Fin de vie : des euthanasies clandestines pratiquées à l'hôpital public
Pour faire face à la douleur de patients en fin de vie, certains médecins pratiquent des euthanasies dans les hôpitaux publics. L'un d'eux, Denis Labayle, a accepté de témoigner à visage découvert pour le magazine Envoyé Spécial.
Pour répondre à la douleur des patients en fin de vie, certains médecins pratiquent des euthanasies à l'hôpital public. L'un d'entre eux a accepté d'en parler à visage découvert, pour le magazine Envoyé Spécial, diffusé sur France 2. Denis Labayle a été chef de service pendant 26 ans en gastro-entérologie dans un grand établissement d'Île-de-France. Aujourd'hui, il lève un tabou : il existerait des euthanasies dans certains hôpitaux publics. "On n'en parle jamais. Disons qu'on en parle avec le collègue avec qui on travaille (...). Les gens n'ont pas été formés pour parler des choses essentielles, de la souffrance, de la mort", affirme Denis Labayle, qui poursuit : "On sait que ça se fait couramment.
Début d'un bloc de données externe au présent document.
(* Let $1\le i,j,a\le n$ with $i<j$. Then in ${\boldsymbol U}_{v}(\mathfrak q_n)$: \[ \mathsf K_{\bar a}\mathsf E_{i,j}=\begin{cases}\mathsf E_{i,j}\mathsf K_{\bar a} & (a<i\text{ or } i<a<j\text{ or }a>j),\\ v\mathsf E_{i,j}\mathsf K_{\bar i}-\mathsf E_{\bar i}\mathsf E_{i+1,j}\mathsf K_i^{-1}+v^{-1}\mathsf E_{i+1,j}\mathsf E_{\bar i}\mathsf K_i^{-1} & (a=i,\ j>i+1),\\ v^{-1}\mathsf E_{i,j}\mathsf K_{\bar j}-\overline{\mathsf E}_{i,j}\mathsf K_j^{-1} & (a=j);\end{cases} \] \[ \mathsf K_{\bar a}\overline{\mathsf E}_{i,j}=\begin{cases}-\overline{\mathsf E}_{i,j}\mathsf K_{\bar a} & (a<i\text{ or } i<a<j\text{ or }a>j),\\ -v\overline{\mathsf E}_{i,j}\mathsf K_{\bar i}-\mathsf E_{\bar i}\overline{\mathsf E}_{i+1,j}\mathsf K_i^{-1}-v^{-1}\overline{\mathsf E}_{i+1,j}\mathsf E_{\bar i}\mathsf K_i^{-1} & (a=i,\ j>i+1),\\ -v^{-1}\overline{\mathsf E}_{i,j}\mathsf K_{\bar j}+\mathsf E_{i,j}\mathsf K_j^{-1} & (a=j).\end{cases} \]
   Context: Let $v$ be an indeterminate. The quantum queer superalgebra ${\boldsymbol U}_{v}(\mathfrak q_n)$ is the associative superalgebra over $\mathbb Q(v)$ generated by even generators $\mathsf K_i,\mathsf K_i^{-1}$ ($1\le i\le n$), $\mathsf E_j,\mathsf F_j$ ($1\le j\le n-1$) and odd generators $\mathsf K_{\bar i}$ ($1\le i\le n$), $\mathsf E_{\bar j},\mathsf F_{\bar j}$ ($1\le j\le n-1$), subject to the following relations (indices are taken only where they make sense), where $(\epsilon_i,\alpha_j)=\delta_{i,j}-\delta_{i,j+1}$: (QQ1) $\mathsf K_i\mathsf K_i^{-1}=\mathsf K_i^{-1}\mathsf K_i=1$, $\mathsf K_i\mathsf K_j=\mathsf K_j\mathsf K_i$, $\mathsf K_i\mathsf K_{\bar j}=\mathsf K_{\bar j}\mathsf K_i$, $\mathsf K_{\bar i}\mathsf K_{\bar j}+\mathsf K_{\bar j}\mathsf K_{\bar i}=2\delta_{i,j}\frac{\mathsf K_i^2-\mathsf K_i^{-2}}{v^2-v^{-2}}$. (QQ2) $\mathsf K_i\mathsf E_j=v^{(\epsilon_i,\alpha_j)}\mathsf E_j\mathsf K_i$, $\mathsf K_i\mathsf E_{\bar j}=v^{(\epsilon_i,\alpha_j)}\mathsf E_{\bar j}\mathsf K_i$, $\mathsf K_i\mathsf F_j=v^{-(\epsilon_i,\alpha_j)}\mathsf F_j\mathsf K_i$, $\mathsf K_i\mathsf F_{\bar j}=v^{-(\epsilon_i,\alpha_j)}\mathsf F_{\bar j}\mathsf K_i$. (QQ3) $\mathsf K_{\bar i}\mathsf E_i-v\mathsf E_i\mathsf K_{\bar i}=\mathsf E_{\bar i}\mathsf K_i^{-1}$, $v\mathsf K_{\bar i}\mathsf E_{i-1}-\mathsf E_{i-1}\mathsf K_{\bar i}=-\mathsf K_i^{-1}\mathsf E_{\overline{i-1}}$, $\mathsf K_{\bar i}\mathsf F_i-v\mathsf F_i\mathsf K_{\bar i}=-\mathsf F_{\bar i}\mathsf K_i$, $v\mathsf K_{\bar i}\mathsf F_{i-1}-\mathsf F_{i-1}\mathsf K_{\bar i}=\mathsf K_i\mathsf F_{\overline{i-1}}$, $\mathsf K_{\bar i}\mathsf E_{\bar i}+v\mathsf E_{\bar i}\mathsf K_{\bar i}=\mathsf E_i\mathsf K_i^{-1}$, $v\mathsf K_{\bar i}\mathsf E_{\overline{i-1}}+\mathsf E_{\overline{i-1}}\mathsf K_{\bar i}=\mathsf K_i^{-1}\mathsf E_{i-1}$, $\mathsf K_{\bar i}\mathsf F_{\bar i}+v\mathsf F_{\bar i}\mathsf K_{\bar i}=\mathsf F_i\mathsf K_i$, $v\mathsf K_{\bar i}\mathsf F_{\overline{i-1}}+\mathsf F_{\overline{i-1}}\mathsf K_{\bar i}=\mathsf K_i\mathsf F_{i-1}$, and for $j\ne i,i-1$: $\mathsf K_{\bar i}\mathsf E_j=\mathsf E_j\mathsf K_{\bar i}$, $\mathsf K_{\bar i}\mathsf F_j=\mathsf F_j\mathsf K_{\bar i}$, $\mathsf K_{\bar i}\mathsf E_{\bar j}=-\mathsf E_{\bar j}\mathsf K_{\bar i}$, $\mathsf K_{\bar i}\mathsf F_{\bar j}=-\mathsf F_{\bar j}\mathsf K_{\bar i}$. (QQ4) $\mathsf E_i\mathsf F_j-\mathsf F_j\mathsf E_i=\delta_{i,j}\frac{\mathsf K_i\mathsf K_{i+1}^{-1}-\mathsf K_i^{-1}\mathsf K_{i+1}}{v-v^{-1}}$, $\mathsf E_{\bar i}\mathsf F_{\bar j}+\mathsf F_{\bar j}\mathsf E_{\bar i}=\delta_{i,j}\big(\frac{\mathsf K_i\mathsf K_{i+1}-\mathsf K_i^{-1}\mathsf K_{i+1}^{-1}}{v-v^{-1}}+(v-v^{-1})\mathsf K_{\bar i}\mathsf K_{\overline{i+1}}\big)$, $\mathsf E_i\mathsf F_{\bar j}-\mathsf F_{\bar j}\mathsf E_i=\delta_{i,j}(\mathsf K_{i+1}^{-1}\mathsf K_{\bar i}-\mathsf K_{\overline{i+1}}\mathsf K_i^{-1})$, $\mathsf E_{\bar i}\mathsf F_j-\mathsf F_j\mathsf E_{\bar i}=\delta_{i,j}(\mathsf K_{i+1}\mathsf K_{\bar i}-\mathsf K_{\overline{i+1}}\mathsf K_i)$. (QQ5) $\mathsf E_{\bar i}^2=-\frac{v-v^{-1}}{v+v^{-1}}\mathsf E_i^2$, $\mathsf F_{\bar i}^2=\frac{v-v^{-1}}{v+v^{-1}}\mathsf F_i^2$; for $|i-j|\ne1$: $\mathsf E_i\mathsf E_{\bar j}=\mathsf E_{\bar j}\mathsf E_i$, $\mathsf F_i\mathsf F_{\bar j}=\mathsf F_{\bar j}\mathsf F_i$; for $|i-j|>1$: $\mathsf E_i\mathsf E_j=\mathsf E_j\mathsf E_i$, $\mathsf F_i\mathsf F_j=\mathsf F_j\mathsf F_i$, $\mathsf E_{\bar i}\mathsf E_{\bar j}=-\mathsf E_{\bar j}\mathsf E_{\bar i}$, $\mathsf F_{\bar i}\mathsf F_{\bar j}=-\mathsf F_{\bar j}\mathsf F_{\bar i}$; $\mathsf E_i\mathsf E_{i+1}-v\mathsf E_{i+1}\mathsf E_i=\mathsf E_{\bar i}\mathsf E_{\overline{i+1}}+v\mathsf E_{\overline{i+1}}\mathsf E_{\bar i}$, $\mathsf E_i\mathsf E_{\overline{i+1}}-v\mathsf E_{\overline{i+1}}\mathsf E_i=\mathsf E_{\bar i}\mathsf E_{i+1}-v\mathsf E_{i+1}\mathsf E_{\bar i}$, $\mathsf F_i\mathsf F_{i+1}-v\mathsf F_{i+1}\mathsf F_i=-(\mathsf F_{\bar i}\mathsf F_{\overline{i+1}}+v\mathsf F_{\overline{i+1}}\mathsf F_{\bar i})$, $\mathsf F_i\mathsf F_{\overline{i+1}}-v\mathsf F_{\overline{i+1}}\mathsf F_i=\mathsf F_{\bar i}\mathsf F_{i+1}-v\mathsf F_{i+1}\mathsf F_{\bar i}$. (QQ6) for $|i-j|=1$: $\mathsf E_i^2X-(v+v^{-1})\mathsf E_iX\mathsf E_i+X\mathsf E_i^2=0$ for $X\in\{\mathsf E_j,\mathsf E_{\bar j}\}$ and $\mathsf F_i^2Y-(v+v^{-1})\mathsf F_iY\mathsf F_i+Y\mathsf F_i^2=0$ for $Y\in\{\mathsf F_j,\mathsf F_{\bar j}\}$. Quantum root vectors: for $1\le i\le n-1$ put $\mathsf E_{i,i+1}=\mathsf E_i$, $\overline{\mathsf E}_{i,i+1}=\mathsf E_{\bar i}$, $\mathsf E_{i+1,i}=\mathsf F_i$, $\overline{\mathsf E}_{i+1,i}=\mathsf F_{\bar i}$, and recursively for $i+1<j\le n$: $\mathsf E_{i,j}=-\mathsf E_{i,j-1}\mathsf E_{j-1}+v^{-1}\mathsf E_{j-1}\mathsf E_{i,j-1}$, $\overline{\mathsf E}_{i,j}=-\mathsf E_{i,j-1}\mathsf E_{\overline{j-1}}+v^{-1}\mathsf E_{\overline{j-1}}\mathsf E_{i,j-1}$, $\mathsf E_{j,i}=-\mathsf F_{j-1}\mathsf E_{j-1,i}+v\mathsf E_{j-1,i}\mathsf F_{j-1}$, $\overline{\mathsf E}_{j,i}=-\mathsf F_{\overline{j-1}}\mathsf E_{j-1,i}+v\mathsf E_{j-1,i}\mathsf F_{\overline{j-1}}$. *)

theory Defs
  imports Main "HOL-Computational_Algebra.Polynomial"
begin

text \<open>Scalars: a field 'k of characteristic 0 containing an element v that is
transcendental over the rationals (so 'k contains a copy of Q(v)).  An algebra
over 'k is a ring 'a together with a unital ring homomorphism sc from 'k into
the centre of 'a.\<close>

definition transcendental_rat :: "'k::field_char_0 \<Rightarrow> bool" where
  "transcendental_rat v \<longleftrightarrow> (\<forall>p::rat poly. p \<noteq> 0 \<longrightarrow> poly (map_poly of_rat p) v \<noteq> 0)"

definition central_alg_hom :: "('k::field \<Rightarrow> 'a::ring_1) \<Rightarrow> bool" where
  "central_alg_hom sc \<longleftrightarrow> sc 1 = 1 \<and> (\<forall>x y. sc (x + y) = sc x + sc y)
     \<and> (\<forall>x y. sc (x * y) = sc x * sc y) \<and> (\<forall>c a. sc c * a = a * sc c)"

definition eps_alpha :: "nat \<Rightarrow> nat \<Rightarrow> int" where
  "eps_alpha i j = (if i = j then 1 else 0) - (if i = j + 1 then 1 else 0)"

text \<open>Defining relations (QQ1)-(QQ6) of U_v(q_n). Generators: K i, Ki i (= K_i^{-1}),
Kb i (= K_{bar i}) for 1 \<le> i \<le> n; E j, F j, Eb j, Fb j for 1 \<le> j \<le> n-1.\<close>
definition qq_rels ::
  "('k::field \<Rightarrow> 'a::ring_1) \<Rightarrow> 'k \<Rightarrow> nat \<Rightarrow> (nat \<Rightarrow> 'a) \<Rightarrow> (nat \<Rightarrow> 'a) \<Rightarrow> (nat \<Rightarrow> 'a)
    \<Rightarrow> (nat \<Rightarrow> 'a) \<Rightarrow> (nat \<Rightarrow> 'a) \<Rightarrow> (nat \<Rightarrow> 'a) \<Rightarrow> (nat \<Rightarrow> 'a) \<Rightarrow> bool" where
  "qq_rels sc v n K Ki Kb E F Eb Fb \<longleftrightarrow>
   (\<forall>i\<in>{1..n}. \<forall>j\<in>{1..n}.
      K i * Ki i = 1 \<and> Ki i * K i = 1 \<and> K i * K j = K j * K i \<and> K i * Kb j = Kb j * K i \<and>
      Kb i * Kb j + Kb j * Kb i =
        (if i = j then sc (2 / (v ^ 2 - (inverse v) ^ 2)) * (K i * K i - Ki i * Ki i) else 0)) \<and>
   (\<forall>i\<in>{1..n}. \<forall>j\<in>{1..n-1}.
      K i * E j = sc (v powi eps_alpha i j) * E j * K i \<and>
      K i * Eb j = sc (v powi eps_alpha i j) * Eb j * K i \<and>
      K i * F j = sc (v powi (- eps_alpha i j)) * F j * K i \<and>
      K i * Fb j = sc (v powi (- eps_alpha i j)) * Fb j * K i) \<and>
   (\<forall>i\<in>{1..n}.
      (i \<le> n - 1 \<longrightarrow>
         Kb i * E i - sc v * E i * Kb i = Eb i * Ki i \<and>
         Kb i * F i - sc v * F i * Kb i = - (Fb i * K i) \<and>
         Kb i * Eb i + sc v * Eb i * Kb i = E i * Ki i \<and>
         Kb i * Fb i + sc v * Fb i * Kb i = F i * K i) \<and>
      (2 \<le> i \<longrightarrow>
         sc v * Kb i * E (i - 1) - E (i - 1) * Kb i = - (Ki i * Eb (i - 1)) \<and>
         sc v * Kb i * F (i - 1) - F (i - 1) * Kb i = K i * Fb (i - 1) \<and>
         sc v * Kb i * Eb (i - 1) + Eb (i - 1) * Kb i = Ki i * E (i - 1) \<and>
         sc v * Kb i * Fb (i - 1) + Fb (i - 1) * Kb i = K i * F (i - 1)) \<and>
      (\<forall>j\<in>{1..n-1}. j \<noteq> i \<and> j + 1 \<noteq> i \<longrightarrow>
         Kb i * E j = E j * Kb i \<and> Kb i * F j = F j * Kb i \<and>
         Kb i * Eb j = - (Eb j * Kb i) \<and> Kb i * Fb j = - (Fb j * Kb i))) \<and>
   (\<forall>i\<in>{1..n-1}. \<forall>j\<in>{1..n-1}.
      E i * F j - F j * E i =
        (if i = j then sc (1 / (v - inverse v)) * (K i * Ki (i + 1) - Ki i * K (i + 1)) else 0) \<and>
      Eb i * Fb j + Fb j * Eb i =
        (if i = j then sc (1 / (v - inverse v)) * (K i * K (i + 1) - Ki i * Ki (i + 1))
                       + sc (v - inverse v) * Kb i * Kb (i + 1) else 0) \<and>
      E i * Fb j - Fb j * E i =
        (if i = j then Ki (i + 1) * Kb i - Kb (i + 1) * Ki i else 0) \<and>
      Eb i * F j - F j * Eb i =
        (if i = j then K (i + 1) * Kb i - Kb (i + 1) * K i else 0)) \<and>
   (\<forall>i\<in>{1..n-1}.
      Eb i * Eb i = - (sc ((v - inverse v) / (v + inverse v)) * (E i * E i)) \<and>
      Fb i * Fb i = sc ((v - inverse v) / (v + inverse v)) * (F i * F i)) \<and>
   (\<forall>i\<in>{1..n-1}. \<forall>j\<in>{1..n-1}. i + 1 \<noteq> j \<and> j + 1 \<noteq> i \<longrightarrow>
      E i * Eb j = Eb j * E i \<and> F i * Fb j = Fb j * F i) \<and>
   (\<forall>i\<in>{1..n-1}. \<forall>j\<in>{1..n-1}. i + 1 < j \<or> j + 1 < i \<longrightarrow>
      E i * E j = E j * E i \<and> F i * F j = F j * F i \<and>
      Eb i * Eb j = - (Eb j * Eb i) \<and> Fb i * Fb j = - (Fb j * Fb i)) \<and>
   (\<forall>i\<in>{1..n-1}. i + 1 \<le> n - 1 \<longrightarrow>
      E i * E (i + 1) - sc v * E (i + 1) * E i = Eb i * Eb (i + 1) + sc v * Eb (i + 1) * Eb i \<and>
      E i * Eb (i + 1) - sc v * Eb (i + 1) * E i = Eb i * E (i + 1) - sc v * E (i + 1) * Eb i \<and>
      F i * F (i + 1) - sc v * F (i + 1) * F i = - (Fb i * Fb (i + 1) + sc v * Fb (i + 1) * Fb i) \<and>
      F i * Fb (i + 1) - sc v * Fb (i + 1) * F i = Fb i * F (i + 1) - sc v * F (i + 1) * Fb i) \<and>
   (\<forall>i\<in>{1..n-1}. \<forall>j\<in>{1..n-1}. i + 1 = j \<or> j + 1 = i \<longrightarrow>
      (\<forall>X\<in>{E j, Eb j}. E i * E i * X - sc (v + inverse v) * E i * X * E i + X * E i * E i = 0) \<and>
      (\<forall>Y\<in>{F j, Fb j}. F i * F i * Y - sc (v + inverse v) * F i * Y * F i + Y * F i * F i = 0))"

text \<open>Quantum root vectors. Erv sc v E i d = E_{i,i+d+1},
 Ebrv sc v E Eb i d = bar E_{i,i+d+1}.\<close>
primrec Erv :: "('k::field \<Rightarrow> 'a::ring_1) \<Rightarrow> 'k \<Rightarrow> (nat \<Rightarrow> 'a) \<Rightarrow> nat \<Rightarrow> nat \<Rightarrow> 'a" where
  "Erv sc v E i 0 = E i"
| "Erv sc v E i (Suc d) = - (Erv sc v E i d * E (i + d + 1)) + sc (inverse v) * E (i + d + 1) * Erv sc v E i d"

primrec Ebrv :: "('k::field \<Rightarrow> 'a::ring_1) \<Rightarrow> 'k \<Rightarrow> (nat \<Rightarrow> 'a) \<Rightarrow> (nat \<Rightarrow> 'a) \<Rightarrow> nat \<Rightarrow> nat \<Rightarrow> 'a" where
  "Ebrv sc v E Eb i 0 = Eb i"
| "Ebrv sc v E Eb i (Suc d) = - (Erv sc v E i d * Eb (i + d + 1)) + sc (inverse v) * Eb (i + d + 1) * Erv sc v E i d"

definition Eij :: "('k::field \<Rightarrow> 'a::ring_1) \<Rightarrow> 'k \<Rightarrow> (nat \<Rightarrow> 'a) \<Rightarrow> nat \<Rightarrow> nat \<Rightarrow> 'a" where
  "Eij sc v E i j = Erv sc v E i (j - i - 1)"

definition Ebij :: "('k::field \<Rightarrow> 'a::ring_1) \<Rightarrow> 'k \<Rightarrow> (nat \<Rightarrow> 'a) \<Rightarrow> (nat \<Rightarrow> 'a) \<Rightarrow> nat \<Rightarrow> nat \<Rightarrow> 'a" where
  "Ebij sc v E Eb i j = Ebrv sc v E Eb i (j - i - 1)"

end

theory Submission
  imports Defs
begin

text \<open>Induction on j - i along the recursion E_{i,j} = -E_{i,j-1} E_{j-1} + v^-1 E_{j-1} E_{i,j-1}
and its barred analogue. By (QQ3), K_{bar a} commutes with E_m and anticommutes with E_{bar m}
unless a is m or m + 1, so inside E_{i,j} only the generators E_{a-1} and E_a interact with K_{bar a}.
If a lies outside [i, j] nothing happens; for a = j only E_{j-1} contributes, for a = i only E_i.
For i < a < j both contribute, and their correction terms cancel because the relation (QQ5)
E_{a-1} E_a - v E_a E_{a-1} = E_{bar(a-1)} E_{bar a} + v E_{bar a} E_{bar(a-1)} propagates to
E_{i,a} E_a - v E_a E_{i,a} = bar E_{i,a} E_{bar a} + v E_{bar a} bar E_{i,a}.\<close>

lemma transcendental_rat_nonzero:
  assumes "transcendental_rat v"
  shows "v \<noteq> 0"
proof
  assume "v = 0"
  have "poly (map_poly of_rat [:0, 1::rat:]) v \<noteq> 0"
    using assms unfolding transcendental_rat_def by (metis one_neq_zero pCons_eq_0_iff)
  with \<open>v = 0\<close> show False by (simp add: map_poly_pCons)
qed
Alors, ça dépend des services, ça dépend du médecin, ça dépend de l'ambiance de l'équipe."
Des associations de tranquillisants et de morphiniques à forte dose
Confronté à des patients atteints de maladies très graves, il a fait face à des souffrances que son équipe et lui ont jugées inacceptables. "C'est très simple pour moi, j'ai une philosophie, c'est répondre à la demande du patient. C'est-à-dire que s'il veut avoir absolument l'équivalent de la loi Léonetti, qu'il soit déshydraté, sans alimentation et qu'il meurt en 15 jours/trois semaines. C'était épouvantable pour l'équipe. Anti-éthique pour moi. Mais si les gens le réclamaient, je l'appliquais. Par contre, beaucoup de gens me disent : 'Écoutez, on voudrait partir vite, ça suffit, on a suffisamment souffert.' Bien sûr qu'on accélérait, et qu'on accélérait en fonction des demandes des personnes", confie le médecin, qui ajoute que les "produits les plus efficaces ne sont pas disponibles pour nous", et que ces produits, comme ceux utilisés en anesthésie, sont de "plus en plus contrôlés et comptabilisés au niveau des blocs opératoires" depuis la loi Léonetti.
"Alors, on arrange avec des associations de tranquillisants, de morphiniques à forte dose qui ont, au bout d'un certain temps, à une certaine dose, un effet létal", explique Denis Labayle, conscient d'avoir enfreint la loi, disant qu'il avait "conscience d'être humain". Selon les parlementaires qui ont travaillé sur la question, il y aurait entre 2 000 et 4 000 euthanasies clandestines chaque année en France.